World-changing advocacy campaign launched at Perkins Gala

Annual event raises $1.1 million to support Perkins’ global mission of educating children who are blind

A crowd dancing in front of the Gala stage

Members of the ’70s R&B group Tavares and the Perkins Student Chorus got the crowd on their feet.

May 6, 2016

More than 500 guests arrived at Perkins School for the Blind’s annual Gala on Thursday anticipating an evening of great music, celebration and generosity. They didn’t expect to witness history being made. 

But that’s exactly what happened when Perkins Board Chair Corinne Grousbeck announced the launch of BlindNewWorld – the first-ever social change campaign aimed at changing society’s misperceptions about people who are blind.

The national campaign is sponsored by Perkins and features an interactive website that shatters myths about blindness, two short films challenging viewers to reconsider their attitudes about people with visual impairment, and hashtag-ready messaging expected to spark a groundswell of support on social media.

“The goal is to start a conversation about blindness, to demystify it,” said Grousbeck. “We will enlighten sighted people about what the blind can do in the 21st century, and we’re going to start right now.”

In a recent survey commissioned by Perkins, more than half of respondents reported feeling uncomfortable around people who are blind. Eighty percent said they pitied people with visual impairments, a reaction Grousbeck called “disempowering” to people who are blind.

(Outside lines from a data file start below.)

(* Let $\mathrm{K}$ be a semi-symmetric curvature tensor on a finite-dimensional pseudo-Euclidean vector space $(V,\langle\cdot,\cdot\rangle)$ and let $\chi$ be the minimal polynomial (over $\mathbb{R}$) of its Ricci operator $\mathrm{Ric}$. Then: (1) $\chi=\prod_i P_i$ where the $P_i$ are pairwise coprime and each $P_i$ is either irreducible or equal to $X^2$. Write $P_1,\dots,P_r$ for the factors not in $\{X,X^2\}$ (each irreducible and coprime to $X$). (2) $V$ splits as an orthogonal direct sum $V=E_0\oplus E_1\oplus\cdots\oplus E_r$, where $E_0=\ker(\mathrm{Ric}^2)$ and $E_i=\ker(P_i(\mathrm{Ric}))$ for $1\le i\le r$. (3) Each $E_i$ ($0\le i\le r$) is invariant under every $\mathrm{K}(u,v)$, $u,v\in V$. (4) For $i\neq j$, $\mathrm{K}(u,v)=0$ whenever $u\in E_i$, $v\in E_j$. (5) $\dim E_i\ge 2$ for every $1\le i\le r$. (6) $\mathfrak{h}(\mathrm{K})=\mathfrak{h}_0(\mathrm{K})+\mathfrak{h}_1(\mathrm{K})+\cdots+\mathfrak{h}_r(\mathrm{K})$, where $\mathfrak{h}_i(\mathrm{K})$ is the span of $\{\mathrm{K}(x,y): x,y\in E_i\}$, and each $\mathfrak{h}_i(\mathrm{K})$ is a Lie subalgebra.
   Context: A curvature tensor on a pseudo-Euclidean vector space $(V,\langle\cdot,\cdot\rangle)$ is a bilinear map $\mathrm{K}:V\times V\to \mathfrak{so}(V,\langle\cdot,\cdot\rangle)$ with $\mathrm{K}(u,v)=-\mathrm{K}(v,u)$, $\mathrm{K}(u,v)w+\mathrm{K}(v,w)u+\mathrm{K}(w,u)v=0$, and $\langle \mathrm{K}(a,b)u,v\rangle=\langle \mathrm{K}(u,v)a,b\rangle$. It is semi-symmetric if $[\mathrm{K}(u,v),\mathrm{K}(a,b)]=\mathrm{K}(\mathrm{K}(u,v)a,b)+\mathrm{K}(a,\mathrm{K}(u,v)b)$ for all $u,v,a,b\in V$. $\mathfrak{h}(\mathrm{K})$ denotes the linear span of $\{\mathrm{K}(u,v):u,v\in V\}$ in $\mathfrak{so}(V)$. The Ricci operator $\mathrm{Ric}$ is the symmetric endomorphism with $\langle\mathrm{Ric}(u),v\rangle=\operatorname{trace}(a\mapsto \mathrm{K}(u,a)v)$. *)

theory Defs
  imports "HOL-Analysis.Analysis" "HOL-Computational_Algebra.Polynomial"
begin

text \<open>Endomorphisms of V = real^'n are represented as functions (for the Ricci operator)
  and as matrices (for the values K(u,v), so that their span lives in a real vector space).\<close>

definition trace_op :: "(real^'n \<Rightarrow> real^'n) \<Rightarrow> real" where
  "trace_op f = (\<Sum>i\<in>UNIV. f (axis i 1) $ i)"

definition poly_op :: "real poly \<Rightarrow> (real^'n \<Rightarrow> real^'n) \<Rightarrow> real^'n \<Rightarrow> real^'n" where
  "poly_op p f x = (\<Sum>i\<le>degree p. coeff p i *\<^sub>R (f ^^ i) x)"

definition is_min_poly :: "(real^'n \<Rightarrow> real^'n) \<Rightarrow> real poly \<Rightarrow> bool" where
  "is_min_poly f p \<longleftrightarrow> lead_coeff p = 1 \<and> (\<forall>x. poly_op p f x = 0)
     \<and> (\<forall>q. (\<forall>x. poly_op q f x = 0) \<longrightarrow> p dvd q)"
lemma acts_by_adjacent_swaps_if_involution_edges:
  assumes "distinct vs" "set vs = {1..n}"
    and edges: "involution_edges arc = (\<lambda>j. (lt j, {vs ! j, vs ! Suc j})) ` {..<n - 1}"
  shows "acts_by_adjacent_swaps n (\<lambda>b. arc (b = lt 0)) vs"
  unfolding acts_by_adjacent_swaps_def
proof (intro allI impI)
  note swap = involution_edges_swap[OF edges]
  note alternate = involution_edges_sides_alternate[OF assms]
  have len: "length vs = n" using distinct_card[OF assms(1)] assms(2) by simp
  fix b i assume i: "i < n"
  show "arc (b = lt 0) (vs ! i) = vs ! adjacent_swap n b i"
  proof (cases "adjacent_swap n b i = i")
    case False
    with i obtain j where j: "j + 1 < n" "b = even j" "{i, adjacent_swap n b i} = {j, Suc j}"
      by (rule adjacent_swap_moved)
    then have "lt j = (b = lt 0)" using alternate[OF j(1)] by (cases "lt 0") auto
    then show ?thesis using swap[OF j(1)] j(3) by (auto simp: doubleton_eq_iff)
  next
    case True
    show ?thesis
    proof (rule ccontr)
      assume "arc (b = lt 0) (vs ! i) \<noteq> vs ! adjacent_swap n b i"
      with True have "(b = lt 0, {vs ! i, arc (b = lt 0) (vs ! i)}) \<in> involution_edges arc"
        unfolding involution_edges_def by auto
      then obtain j where j: "j < n - 1" "lt j = (b = lt 0)"
        "{vs ! i, arc (b = lt 0) (vs ! i)} = {vs ! j, vs ! Suc j}"
        unfolding edges by auto
      then have "i = j \<or> i = Suc j"
        using assms(1) len i by (auto simp: doubleton_eq_iff nth_eq_iff_index_eq)
      moreover have "b = even j" using j(1,2) alternate[of j] by (cases "lt 0") auto
      then have "adjacent_swap n b j = Suc j" using adjacent_swap_Suc j(1) by simp
      ultimately show False using True j(1) adjacent_swap_adjacent_swap[of j n b] by auto
    qed
  qed
qed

“As the thought leader in blind education, we feel compelled to do something about this,” she said.

Grousbeck’s announcement set the tone for the 11th annual Perkins Possibilities Gala, which raised $1.1 million to support Perkins’ life-changing programs for children who are blind. Of that amount, $170,000 was raised through the annual Technology Challenge to provide cutting-edge technology to students and alumni.

Perkins Secondary Program student Mikolai introduced the Challenge by describing the importance of technology in his everyday life. He uses an image identification app, TapTapSee, to correctly identify items in the grocery store, allowing him to shop independently. For someone who is blind, a can of green beans feels exactly the same as a can of dog food, he said.

“With TapTapSee, a terrible mistake is avoided,” he told the crowd with a grin.

Members of the ’70s R&B group Tavares pulled the Gala crowd onto the dance floor with classic hits like “More Than a Woman” and “Heaven Must Be Missing an Angel.” They were joined by the Perkins Student Chorus, which separately performed some throw-back numbers of its own, including a Beatles medley backed by a 10-piece band from Berklee College of Music.

As the night wore on, guests mingled with Perkins students and alumni and heard from Perkins President and CEO Dave Power about major programs and initiatives, including the Expanded Core Curriculum and the new Pre-Employment Program, which equips teenagers who are blind with the skills they need to find employment and succeed on the job.

Power also described a new mobile app being developed by Perkins with funding from Google.org. The app will help people who are blind locate specific locations, like bus stops, by providing them with crowdsourced navigational clues.

“Technology is one of the ways that we’re going to make the world more accessible for people who are blind,” said Power. “This is our first mobile app at Perkins and it won’t be our last.”

The Gala was co-chaired by Grousbeck, long-time Perkins supporters Evelyn and Michael Treacy and “Friends” producer Kevin Bright, who has produced and directed the Gala for six consecutive years.

“It may seem like work to some but this is a gift that comes to me every year,” Bright said.